Наконец однажды ноги сами привели его домой, к жене. Дома ли Огюстина? Или уехала на свою виллу в Донвиль пережидать летнюю жару? Дом выглядел совершенно нежилым, ворота на замке, ставни закрыты, сад зарос травой. Даже из почтового ящика, довершая картину, торчала пачка рекламных проспектов и буклетов, как пена писем, которых нет.

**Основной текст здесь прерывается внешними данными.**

(* Let $p\neq2$ and let $A=\mathbb Z[S]$ be a commutative polynomial ring over a set $S$. Let $f_1,\dots,f_r$ be distinct nonzero elements of $A$ with $f_i\ne -f_j$ for all $i\ne j$. Then the elements $\langle f_1\rangle,\dots,\langle f_r\rangle$ of $X(A)$ are $\mathbb Z$-linearly independent.
   Context: For a commutative ring $B$, $V(b_0,b_1,\dots)=p(0,b_0,b_1,\dots)$ on $B^{\mathbb N_0}$, $\langle b\rangle=(b,b^p,b^{p^2},\dots)$, and $X(B)$ is the closed subgroup of $B^{\mathbb N_0}$ (product topology) generated by $\{V^n\langle b\rangle\mid n\ge0, b\in B\}$. *)

theory Defs
  imports "HOL-Library.Poly_Mapping" "HOL-Computational_Algebra.Primes"
begin

text \<open>Sequences in B^{N_0} are functions nat => B; the group law is componentwise addition.\<close>

definition Vop :: "nat \<Rightarrow> (nat \<Rightarrow> 'a::comm_ring_1) \<Rightarrow> nat \<Rightarrow> 'a" where
  "Vop p x = (\<lambda>k. if k = 0 then 0 else of_nat p * x (k - 1))"

definition teich :: "nat \<Rightarrow> 'a::comm_ring_1 \<Rightarrow> nat \<Rightarrow> 'a" where
  "teich p b = (\<lambda>k. b ^ (p ^ k))"

inductive_set Xgen :: "nat \<Rightarrow> (nat \<Rightarrow> 'a::comm_ring_1) set" for p :: nat where
  zero: "(\<lambda>k. 0) \<in> Xgen p"
| gen: "(Vop p ^^ n) (teich p b) \<in> Xgen p"
| diff: "x \<in> Xgen p \<Longrightarrow> y \<in> Xgen p \<Longrightarrow> (\<lambda>k. x k - y k) \<in> Xgen p"

text \<open>Closure in the product topology (B discrete): agreement on every finite initial segment.\<close>
definition Xgrp :: "nat \<Rightarrow> (nat \<Rightarrow> 'a::comm_ring_1) set" where
  "Xgrp p = {x. \<forall>N. \<exists>y\<in>Xgen p. \<forall>k<N. x k = y k}"

text \<open>Z[S] for S the (arbitrary) type 's: monoid algebra of monomials ('s =>0 nat) over int.\<close>
type_synonym 's intpoly = "('s \<Rightarrow>\<^sub>0 nat) \<Rightarrow>\<^sub>0 int"
lemma deriv_Fm_affine_curve:
  fixes N :: nat and lam mu :: "nat \<Rightarrow> real" and z :: point
  assumes "1 \<le> m"
    and affine: "\<And>k a b t.
      ip N lam mu k a b (w t) = ip N lam mu k a b z + t * (lam j ^ k * mu j * d a b)"
  defines "A \<equiv> moment N lam mu densA z" and "B \<equiv> moment N lam mu densB z"
    and "C \<equiv> moment N lam mu densC z"
  shows "deriv (\<lambda>t. Fm N lam mu m (w t)) 0 = dens_deriv (mu j)
    (grad_poly m (case_nat (-1) A) (lam j)) (grad_poly m (case_nat 0 C) (lam j))
    (grad_poly m (case_nat 0 B) (lam j)) d"
proof -
  define dA dB dC where "dA n = lam j ^ n * mu j * (d 1 1 - d 3 3)"
    and "dB n = lam j ^ n * mu j * (d 1 2 + d 2 3)" and "dC n = lam j ^ n * mu j * (d 2 1 + d 3 2)"
    for n
  have "(\<lambda>t. Fm N lam mu m (w t))
      = (\<lambda>t. Fpoly m (\<lambda>n. A n + t * dA n) (\<lambda>n. B n + t * dB n) (\<lambda>n. C n + t * dC n))"
    by (simp add: Fm_eq_Fpoly[OF \<open>1 \<le> m\<close>] A_def B_def C_def dA_def dB_def dC_def
        moment_densA moment_densB moment_densC affine algebra_simps)
  moreover have "((\<lambda>t. A n + t * dA n) has_real_derivative dA n) (at 0)"
    and "((\<lambda>t. B n + t * dB n) has_real_derivative dB n) (at 0)"
    and "((\<lambda>t. C n + t * dC n) has_real_derivative dC n) (at 0)" for n
    by (auto intro!: derivative_eq_intros)
  from Fpoly_has_real_derivative[OF this, of m]
  have "((\<lambda>t. Fpoly m (\<lambda>n. A n + t * dA n) (\<lambda>n. B n + t * dB n) (\<lambda>n. C n + t * dC n))
      has_real_derivative Fpoly_deriv m A B C dA dB dC) (at 0)"
    by simp
  ultimately have "deriv (\<lambda>t. Fm N lam mu m (w t)) 0 = Fpoly_deriv m A B C dA dB dC"
    by (simp add: DERIV_imp_deriv)
  also have "\<dots> = (\<Sum>p<m. mu j * (8 * case_nat (-1) A (m - Suc p) * lam j ^ p * (d 1 1 - d 3 3)
      + 8 * case_nat 0 C (m - Suc p) * lam j ^ p * (d 1 2 + d 2 3)
      + 8 * case_nat 0 B (m - Suc p) * lam j ^ p * (d 2 1 + d 3 2)))"
    unfolding Fpoly_deriv_def dA_def dB_def dC_def sum_distrib_left
    by (intro sum.cong) (simp_all add: algebra_simps)
  also have "\<dots> = dens_deriv (mu j) (grad_poly m (case_nat (-1) A) (lam j))
      (grad_poly m (case_nat 0 C) (lam j)) (grad_poly m (case_nat 0 B) (lam j)) d"
    unfolding dens_deriv_def grad_poly_def
    by (simp add: distrib_left sum_distrib_left sum_distrib_right sum.distrib)
  finally show ?thesis .
qed

lemma pd_phi_Fm:
  fixes N :: nat and lam mu :: "nat \<Rightarrow> real" and z :: point
  assumes "1 \<le> m" and "j \<in> {1..N}"
  defines "A \<equiv> moment N lam mu densA z" and "B \<equiv> moment N lam mu densB z"
    and "C \<equiv> moment N lam mu densC z"
  shows "pd_phi (Fm N lam mu m) z i j = dens_deriv (mu j)
    (grad_poly m (case_nat (-1) A) (lam j)) (grad_poly m (case_nat 0 C) (lam j))
    (grad_poly m (case_nat 0 B) (lam j)) (prod_dphi z i j)"
  unfolding pd_phi_upd_phi A_def B_def C_def
  using assms(1) by (rule deriv_Fm_affine_curve) (rule ip_upd_phi[OF assms(2)])

lemma pd_psi_Fm:
  fixes N :: nat and lam mu :: "nat \<Rightarrow> real" and z :: point
  assumes "1 \<le> m" and "j \<in> {1..N}"
  defines "A \<equiv> moment N lam mu densA z" and "B \<equiv> moment N lam mu densB z"
    and "C \<equiv> moment N lam mu densC z"
  shows "pd_psi (Fm N lam mu m) z i j = dens_deriv (mu j)
    (grad_poly m (case_nat (-1) A) (lam j)) (grad_poly m (case_nat 0 C) (lam j))
    (grad_poly m (case_nat 0 B) (lam j)) (prod_dpsi z i j)"
  unfolding pd_psi_upd_psi A_def B_def C_def
  using assms(1) by (rule deriv_Fm_affine_curve) (rule ip_upd_psi[OF assms(2)])

lemma Fbar_upd_phi:
  assumes "i \<in> {1..3}"
  shows "Fbar j' (upd_phi z i j t) = Fbar j' z + t * (if j = j' then snd z i j else 0)"
proof -
  have "Fbar j' (upd_phi z i j t) = (\<Sum>a=1..3. fst z a j' * snd z a j'
      + (if a = i then if j = j' then t * snd z i j else 0 else 0))"
    unfolding Fbar_def upd_phi_def by (intro sum.cong) (auto simp: algebra_simps)
  with assms show ?thesis
    by (simp add: sum.distrib Fbar_def)
qed

lemma Fbar_upd_psi:
  assumes "i \<in> {1..3}"
  shows "Fbar j' (upd_psi z i j t) = Fbar j' z + t * (if j = j' then fst z i j else 0)"
proof -
  have "Fbar j' (upd_psi z i j t) = (\<Sum>a=1..3. fst z a j' * snd z a j'
      + (if a = i then if j = j' then t * fst z i j else 0 else 0))"
    unfolding Fbar_def upd_psi_def by (intro sum.cong) (auto simp: algebra_simps)
  with assms show ?thesis
    by (simp add: sum.distrib Fbar_def)
qed

lemma deriv_affine: "deriv (\<lambda>t. c + t * d) 0 = (d :: real)"
  by (rule DERIV_imp_deriv) (auto intro!: derivative_eq_intros)

lemma pd_phi_Fbar: "i \<in> {1..3} \<Longrightarrow> pd_phi (Fbar j') z i j = (if j = j' then snd z i j else 0)"
  unfolding pd_phi_upd_phi Fbar_upd_phi by (rule deriv_affine)

lemma pd_psi_Fbar: "i \<in> {1..3} \<Longrightarrow> pd_psi (Fbar j') z i j = (if j = j' then fst z i j else 0)"
  unfolding pd_psi_upd_psi Fbar_upd_psi by (rule deriv_affine)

Солнечные лучи отвесно падали на улицу, четко рассекая дома на черные и белые глыбы. Яркий свет и пустота — во всем этом было что-то тревожное, томительное, кладбищенское. Отчего-то барона подташнивало. Ему показалось, что кровь бьется в виски со смертоносной силой. И вот тут-то среди этих безмолвных строений, таких знакомых — это ведь был его собственный дом — и в то же время потусторонних, он отчетливо услышал клацающий звук, как будто слабый стук кастаньет или удары палочки по краю барабана. Клацанье приближалось, становясь все более зловещим. Теперь это стучали друг о друга зубы в лихорадочном ознобе. И вдруг перед ним выросли две темные фигуры.

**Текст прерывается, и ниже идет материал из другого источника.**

(* Let $\varphi$ be a $\mathcal{COD}[\sigma]$-formula, let $\mathbf d=\langle[{=}(X_1),k_1],\dots,[{=}(X_n),k_n]\rangle$ be a sequence of occurrences of constancy atoms in $\varphi$, and let $F$ be the set of all instantiating functions over $\mathbf d$. Then $\varphi\equiv\bigsqcup_{f\in F}\varphi_f$ (both over causal teams, $\equiv^c$, and over generalized causal teams, $\equiv^g$).
   Context: A signature $\sigma=(\mathrm{Dom},\mathrm{Ran})$: $\mathrm{Dom}$ nonempty finite set of variables, each with nonempty finite range $\mathrm{Ran}(X)$; $\mathbf X=\mathbf x$ abbreviates $X_1=x_1\wedge\dots\wedge X_n=x_n$ ($\mathbf x\in\prod\mathrm{Ran}(X_i)$), inconsistent if it contains $X=x,X=x'$ with $x\ne x'$. $\mathcal{CO}[\sigma]$: $\alpha::=X=x\mid\neg\alpha\mid\alpha\wedge\alpha\mid\alpha\vee\alpha\mid\mathbf X=\mathbf x\;\Box\!\!\rightarrow\alpha$. $\mathcal{COD}[\sigma]$: $\varphi::=X=x\mid{=}(\mathbf X;Y)\mid\neg\alpha\mid\varphi\wedge\varphi\mid\varphi\vee\varphi\mid\mathbf X=\mathbf x\;\Box\!\!\rightarrow\varphi$ ($\alpha\in\mathcal{CO}[\sigma]$); ${=}(Y)$ denotes ${=}(\mathbf X;Y)$ with empty $\mathbf X$ (constancy atom). $\sqcup$ is the global disjunction: $T\models\varphi\sqcup\psi$ iff $T\models\varphi$ or $T\models\psi$. Systems of functions $\mathcal F$: for each $V\in\mathrm{En}(\mathcal F)\subseteq\mathrm{Dom}$ parents $PA^{\mathcal F}_V\subseteq\mathrm{Dom}\setminus\{V\}$ and $\mathcal F_V:\mathrm{Ran}(PA^{\mathcal F}_V)\to\mathrm{Ran}(V)$; $\mathrm{Ex}(\mathcal F)=\mathrm{Dom}\setminus\mathrm{En}(\mathcal F)$; only recursive (acyclic parent graph). An assignment $s$ is compatible with $\mathcal F$ if $s(V)=\mathcal F_V(s(PA^{\mathcal F}_V))$ for $V\in\mathrm{En}(\mathcal F)$. For consistent $\mathbf X=\mathbf x$: $\mathcal F_{\mathbf X=\mathbf x}$ restricts $\mathcal F$ to $\mathrm{En}(\mathcal F)\setminus\mathbf X$; $s^{\mathcal F}_{\mathbf X=\mathbf x}$: $X_i\mapsto x_i$, $V\mapsto s(V)$ on $\mathrm{Ex}(\mathcal F)\setminus\mathbf X$, $V\mapsto\mathcal F_V(s^{\mathcal F}_{\mathbf X=\mathbf x}(PA^{\mathcal F}_V))$ on $\mathrm{En}(\mathcal F)\setminus\mathbf X$. Causal team $T=(T^-,\mathcal F)$ ($T^-$ compatible assignments; empty team components identified as $\emptyset$); causal subteams $(S^-,\mathcal F)$, $S^-\subseteq T^-$; $T_{\mathbf X=\mathbf x}=(\{s^{\mathcal F}_{\mathbf X=\mathbf x}:s\in T^-\},\mathcal F_{\mathbf X=\mathbf x})$; $\models^c$: $T\models X=x$ iff $s(X)=x$ for all $s\in T^-$; $T\models{=}(\mathbf X;Y)$ iff for all $s,s'\in T^-$, $s(\mathbf X)=s'(\mathbf X)$ implies $s(Y)=s'(Y)$; $T\models\neg\alpha$ iff $(\{s\},\mathcal F)\not\models\alpha$ for all $s\in T^-$; $\wedge$ classical; $T\models\varphi\vee\psi$ iff causal subteams $T_1,T_2$ exist with $T_1^-\cup T_2^-=T^-$, $T_1\models\varphi$, $T_2\models\psi$; $T\models\mathbf X=\mathbf x\;\Box\!\!\rightarrow\varphi$ iff $\mathbf X=\mathbf x$ inconsistent or $T_{\mathbf X=\mathbf x}\models\varphi$. Generalized causal team: a set $T$ of compatible pairs $(s,\mathcal F)$; $T^-=\{s:(s,\mathcal F)\in T\}$; $T_{\mathbf X=\mathbf x}=\{(s^{\mathcal F}_{\mathbf X=\mathbf x},\mathcal F_{\mathbf X=\mathbf x}):(s,\mathcal F)\in T\}$; $\models^g$: same clauses except $T\models\neg\alpha$ iff $\{(s,\mathcal F)\}\not\models\alpha$ for all $(s,\mathcal F)\in T$, and $T\models\varphi\vee\psi$ iff $T=T_1\cup T_2$ with $T_1\models\varphi$, $T_2\models\psi$. $\equiv^c$ / $\equiv^g$: satisfied by the same causal / generalized causal teams. $[{=}(X_i),k_i]$ denotes the $k_i$-th occurrence of the subformula ${=}(X_i)$ in $\varphi$ (the listed occurrences are distinct). An instantiating function over $\mathbf d$ is a function $f:\{1,\dots,n\}\to\bigcup_i\mathrm{Ran}(X_i)$ with $f(i)\in\mathrm{Ran}(X_i)$ for each $i$; $\varphi_f$ is the formula obtained from $\varphi$ by replacing, for each $i$, the occurrence $[{=}(X_i),k_i]$ by $X_i=f(i)$. *)

theory Defs
  imports "HOL-Library.FuncSet"
begin
(* Let $n \ge 1$, let $\mathbf{D}=(d_{ij})_{i,j=1}^n$ be a symmetric matrix of pairwise distances with $d_{ij}\ge 0$ and $d_{ii}=0$, let $s>0$, and let $f(d)=\exp(-s\,d)$. For $i=1,\dots,n$ put $R_i(s)=\sum_{j\neq i} f(d_{ij})$. Let $\mathbf{c}=(c_1,\dots,c_n)\in\{1,\dots,n\}^n$ be a fixed assignment vector containing exactly $n_{\text{self}}=\#\{i: c_i=i\}$ self-links. Suppose the concentration parameter has prior $\alpha\sim\mathrm{Gamma}(a_\alpha,b_\alpha)$ (shape $a_\alpha>0$, rate $b_\alpha>0$) and that, given $\alpha$, the links are independent with $$\Pr(c_i=j\mid \mathbf{D},\alpha,s)=\frac{f(d_{ij})}{\alpha+R_i(s)}\ (j\neq i),\qquad \Pr(c_i=i\mid \mathbf{D},\alpha,s)=\frac{\alpha}{\alpha+R_i(s)},$$ so that the conditional posterior of $\alpha$ is $$p(\alpha\mid \mathbf{c},s)\propto \alpha^{a_\alpha+n_{\text{self}}-1}\exp(-b_\alpha\alpha)\prod_{i=1}^n\frac{1}{\alpha+R_i(s)},\qquad \alpha>0.$$ Then there is a joint distribution of $(\alpha,V_1,\dots,V_n)$ on $(0,\infty)^{n+1}$ whose marginal distribution for $\alpha$ is exactly $p(\alpha\mid\mathbf{c},s)$ and whose full conditional distributions are: (1) given $\alpha$ (and $\mathbf{c},s$), the $V_1,\dots,V_n$ are conditionally independent with $V_i\sim\mathrm{Exponential}(\alpha+R_i(s))$ (rate parametrisation); (2) given $V=(V_1,\dots,V_n)$ (and $\mathbf{c},s$), $\alpha\sim\mathrm{Gamma}\big(a_\alpha+n_{\text{self}},\ b_\alpha+\sum_{i=1}^n V_i\big)$ (shape, rate). Consequently, the Gibbs sampler alternating updates (1) and (2) targets the exact posterior $p(\alpha\mid\mathbf{c},s)$ in its $\alpha$-marginal.
   Context: This is the distance dependent Chinese Restaurant Process (ddCRP) prior over assignment vectors $\mathbf{c}$: each observation $i$ links to observation $c_i$, with self-link weight $\alpha>0$ and link weight $f(d_{ij})$ to $j\ne i$, normalised by $\alpha+R_i(s)$. Gamma distributions are parametrised by shape and rate, Exponential distributions by rate. *)

theory Defs
  imports "HOL-Probability.Probability"
begin

definition gamma_density :: "real \<Rightarrow> real \<Rightarrow> real \<Rightarrow> real" where
  "gamma_density a b x =
     (if x > 0 then b powr a * x powr (a - 1) * exp (- b * x) / Gamma a else 0)"

definition ddcrp_f :: "real \<Rightarrow> real \<Rightarrow> real" where
  "ddcrp_f s d = exp (- s * d)"

text \<open>R_i(s) = sum over j /= i of f(d_ij); observations indexed 0..n-1.\<close>
definition ddcrp_R :: "nat \<Rightarrow> (nat \<Rightarrow> nat \<Rightarrow> real) \<Rightarrow> real \<Rightarrow> nat \<Rightarrow> real" where
  "ddcrp_R n D s i = (\<Sum>j\<in>{..<n} - {i}. ddcrp_f s (D i j))"

definition n_self :: "nat \<Rightarrow> (nat \<Rightarrow> nat) \<Rightarrow> nat" where
  "n_self n c = card {i\<in>{..<n}. c i = i}"

definition alpha_post_unnorm ::
  "nat \<Rightarrow> (nat \<Rightarrow> nat \<Rightarrow> real) \<Rightarrow> real \<Rightarrow> (nat \<Rightarrow> nat) \<Rightarrow> real \<Rightarrow> real \<Rightarrow> real \<Rightarrow> real" where
  "alpha_post_unnorm n D s c a b \<alpha> =
     (if \<alpha> > 0 then \<alpha> powr (a + real (n_self n c) - 1) * exp (- b * \<alpha>)
        * (\<Prod>i<n. 1 / (\<alpha> + ddcrp_R n D s i)) else 0)"

definition alpha_post ::
  "nat \<Rightarrow> (nat \<Rightarrow> nat \<Rightarrow> real) \<Rightarrow> real \<Rightarrow> (nat \<Rightarrow> nat) \<Rightarrow> real \<Rightarrow> real \<Rightarrow> real \<Rightarrow> real" where
  "alpha_post n D s c a b \<alpha> =
     alpha_post_unnorm n D s c a b \<alpha> /
       (\<integral>x. alpha_post_unnorm n D s c a b x \<partial>lborel)"

end

(*
  Data augmentation: given \<alpha>, draw V\<^sub>i ~ Exponential(\<alpha> + R\<^sub>i) independently, so the joint
  density is p(\<alpha>) \<Prod>\<^sub>i (\<alpha> + R\<^sub>i) exp (-(\<alpha> + R\<^sub>i) v\<^sub>i). Integrating out v returns p(\<alpha>),
  since each exponential density has mass one. For fixed v, the rate factors \<alpha> + R\<^sub>i cancel
  the denominators 1 / (\<alpha> + R\<^sub>i) of p, and what is left is a multiple of the Gamma kernel
  \<alpha> powr (a + n_self - 1) exp (-(b + \<Sum>\<^sub>i v\<^sub>i) \<alpha>). The only analytic input is that p can be
  normalised: its unnormalised density is dominated by a Gamma kernel, because all R\<^sub>i > 0
  once n \<ge> 2, while for n = 1 the self-link factor \<alpha> cancels the factor 1 / \<alpha>.
*)
theory Submission
  imports Defs
begin

definition gamma_kernel :: "real \<Rightarrow> real \<Rightarrow> real \<Rightarrow> real" where
  "gamma_kernel a b x = (if x > 0 then x powr (a - 1) * exp (- b * x) else 0)"

lemma gamma_kernel_nonneg: "0 \<le> gamma_kernel a b x"
  by (simp add: gamma_kernel_def)

lemma borel_measurable_gamma_kernel [measurable]: "gamma_kernel a b \<in> borel_measurable borel"
  unfolding gamma_kernel_def by measurable

lemma gamma_density_eq_kernel: "gamma_density a b x = b powr a / Gamma a * gamma_kernel a b x"
  by (simp add: gamma_density_def gamma_kernel_def)

lemma gamma_density_eq_0: "\<not> 0 < x \<Longrightarrow> gamma_density a b x = 0"
  by (simp add: gamma_density_def)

Это были тени двух женщин в черном; тесно прижавшиеся друг к другу, переплетенные, они медленно надвигались на него, словно стена, которая вот-вот рухнет. Лицо женщины повыше скрывали черные очки; концом белой тросточки она непрестанно постукивала по краю тротуара — это и был тот клацающий звук. Стена нависла над бароном, грозно и неотвратимо. Он попятился, оступился и упал в водосточный желоб.
Врачи так и не смогли сказать, был ли апоплексический удар причиной падения или, наоборот, кровоизлияние в мозг произошло оттого, что он стукнулся лбом о булыжники. Когда баронесса и Эжени подняли его, он был без сознания. Постепенно он пришел в себя, но вся правая половина его тела осталась парализованной. Обе женщины ухаживали за ним с достойной восхищения самоотверженностью. В сознании баронессы паралич мужа и ее слепота соединились в некий назидательный диптих во славу супружеской верности. Мариетта же, которая была первопричиной и того, и другого, исчезла с картины совершенно.

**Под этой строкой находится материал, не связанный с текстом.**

(* Let $N\ge1$ and $T_{\rm poll}\ge 1$ be integers, and let $\tau^1,\dots,\tau^N$ be i.i.d. geometric random variables with parameter $p$, i.e. $\mathbb P(\tau^j>t)=(1-p)^t$ for all $t\in\mathbb N\cup\{0\}$. Define $$M=\min\{m\ge 1:\ \exists\, j\in\{1,\dots,N\}\text{ such that }\tau^j\le mT_{\rm poll}\},\qquad K=\min\{j\in\{1,\dots,N\}:\ \tau^j\le MT_{\rm poll}\},$$ $$\xi=(N-1)(M-1)T_{\rm poll}+(K-1)T_{\rm poll}+\tau^K.$$ Then $\xi$ has the same law as $\tau^1$. *)

theory Defs
  imports "HOL-Probability.Probability"
begin

definition Mpoll :: "nat \<Rightarrow> nat \<Rightarrow> (nat \<Rightarrow> 'a \<Rightarrow> nat) \<Rightarrow> 'a \<Rightarrow> nat" where
  "Mpoll N T \<tau> x = (LEAST m. 1 \<le> m \<and> (\<exists>j\<in>{1..N}. \<tau> j x \<le> m * T))"

definition Kidx :: "nat \<Rightarrow> nat \<Rightarrow> (nat \<Rightarrow> 'a \<Rightarrow> nat) \<Rightarrow> 'a \<Rightarrow> nat" where
  "Kidx N T \<tau> x = (LEAST j. j \<in> {1..N} \<and> \<tau> j x \<le> Mpoll N T \<tau> x * T)"

text \<open>xi = (N-1)(M-1)T + (K-1)T + tau^K (M, K >= 1, so nat subtraction is exact)\<close>
definition xi :: "nat \<Rightarrow> nat \<Rightarrow> (nat \<Rightarrow> 'a \<Rightarrow> nat) \<Rightarrow> 'a \<Rightarrow> nat" where
  "xi N T \<tau> x = (N - 1) * (Mpoll N T \<tau> x - 1) * T + (Kidx N T \<tau> x - 1) * T
                 + \<tau> (Kidx N T \<tau> x) x"

end

theory Submission
  imports Defs
begin

text \<open>Concatenating the polling windows of length \<open>T\<close> of the clocks \<open>1, \<dots>, N\<close> round after round
  tiles the positive integers, and \<open>\<xi> = n\<close> happens exactly when the instant \<open>n\<close>, lying in the
  window of clock \<open>k\<close> in round \<open>m\<close>, is the first ring seen along this tiling: the clocks before
  \<open>k\<close> survive \<open>m\<close> rounds, clock \<open>k\<close> rings at its offset in round \<open>m\<close> and the clocks after \<open>k\<close>
  survive \<open>m - 1\<close> rounds. By independence this has probability \<open>(1 - p)^(n-1) p\<close>: the \<open>n - 1\<close>
  instants before \<open>n\<close> on the tiling are all quiet, as for a single geometric clock.\<close>

lemma Mpoll_spec:
  assumes "N \<ge> 1" "T \<ge> 1"
  shows "1 \<le> Mpoll N T \<tau> x" and "\<exists>j\<in>{1..N}. \<tau> j x \<le> Mpoll N T \<tau> x * T"
proof -
  have "\<tau> 1 x \<le> max 1 (\<tau> 1 x) * T"
    using assms by (metis max.cobounded2 mult.right_neutral mult_le_mono)
  then have "1 \<le> max 1 (\<tau> 1 x) \<and> (\<exists>j\<in>{1..N}. \<tau> j x \<le> max 1 (\<tau> 1 x) * T)"
    using assms by auto
  then have "1 \<le> Mpoll N T \<tau> x \<and> (\<exists>j\<in>{1..N}. \<tau> j x \<le> Mpoll N T \<tau> x * T)"
    unfolding Mpoll_def by (rule LeastI)
  then show "1 \<le> Mpoll N T \<tau> x" and "\<exists>j\<in>{1..N}. \<tau> j x \<le> Mpoll N T \<tau> x * T"
    by auto
qed

lemma Mpoll_le:
  assumes "1 \<le> m" "j \<in> {1..N}" "\<tau> j x \<le> m * T"
  shows "Mpoll N T \<tau> x \<le> m"
  unfolding Mpoll_def using assms by (intro Least_le) blast

lemma less_Mpoll_imp_gt:
  assumes "1 \<le> m" "m < Mpoll N T \<tau> x" "j \<in> {1..N}"
  shows "m * T < \<tau> j x"
  using assms Mpoll_le[of m j N \<tau> x T] by (meson leD not_le)

lemma Kidx_spec:
  assumes "N \<ge> 1" "T \<ge> 1"
  shows "Kidx N T \<tau> x \<in> {1..N}" and "\<tau> (Kidx N T \<tau> x) x \<le> Mpoll N T \<tau> x * T"
proof -
  let ?P = "\<lambda>j. j \<in> {1..N} \<and> \<tau> j x \<le> Mpoll N T \<tau> x * T"
  obtain j where "?P j"
    using Mpoll_spec(2)[OF assms, of \<tau> x] by blast
  then have "?P (Kidx N T \<tau> x)"
    unfolding Kidx_def by (rule LeastI[of ?P])
  then show "Kidx N T \<tau> x \<in> {1..N}" and "\<tau> (Kidx N T \<tau> x) x \<le> Mpoll N T \<tau> x * T"
    by auto
qed

lemma Kidx_le:
  assumes "j \<in> {1..N}" "\<tau> j x \<le> Mpoll N T \<tau> x * T"
  shows "Kidx N T \<tau> x \<le> j"
  unfolding Kidx_def using assms by (intro Least_le) blast

lemma less_Kidx_imp_gt:
  assumes "j \<in> {1..N}" "j < Kidx N T \<tau> x"
  shows "Mpoll N T \<tau> x * T < \<tau> j x"
  using assms Kidx_le[of j N \<tau> x T] by (meson leD not_le)

lemma pred_Mpoll_less_clock:
  assumes "\<forall>j\<in>{1..N}. 1 \<le> \<tau> j x" "j \<in> {1..N}"
  shows "(Mpoll N T \<tau> x - 1) * T < \<tau> j x"
proof (cases "Mpoll N T \<tau> x \<le> 1")
  case True
  then show ?thesis using assms by (auto simp: Suc_le_eq)
next
  case False
  then show ?thesis using less_Mpoll_imp_gt[of "Mpoll N T \<tau> x - 1" N T \<tau> x j] assms by auto
qed

lemma xi_cong:
  assumes N: "N \<ge> 1" and T: "T \<ge> 1" and eq: "\<And>j. j \<in> {1..N} \<Longrightarrow> \<tau> j x = \<sigma> j y"
  shows "xi N T \<tau> x = xi N T \<sigma> y"
proof -
  have M: "Mpoll N T \<tau> x = Mpoll N T \<sigma> y"
    unfolding Mpoll_def using eq by metis
  have "Kidx N T \<tau> x = Kidx N T \<sigma> y"
    unfolding Kidx_def M using eq by metis
  then show ?thesis
    unfolding xi_def M using eq Kidx_spec(1)[OF N T, of \<tau> x] by simp
qed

Эту и только эту картину видела и публика на Деми-Люн, когда баронесса, от слепоты которой не осталось и следа, шла, прямая, строгая и непоколебимая, как Правосудие, толкая перед собой инвалидное кресло барона. Тетеревок — вернее, оставшаяся от него половина — сидел в нем, скрюченный, усохший и осунувшийся. Закованный в недвижную плоть, он превратился в поясной портрет, в злую карикатуру на себя прежнего — половина лица застыла в игривой усмешке, глаз подмигивает, а стиснутые пальцы манерно прижаты к жилету, как будто он безмолвно и бесконечно повторяет: "Полное счастье! Полное счастье!"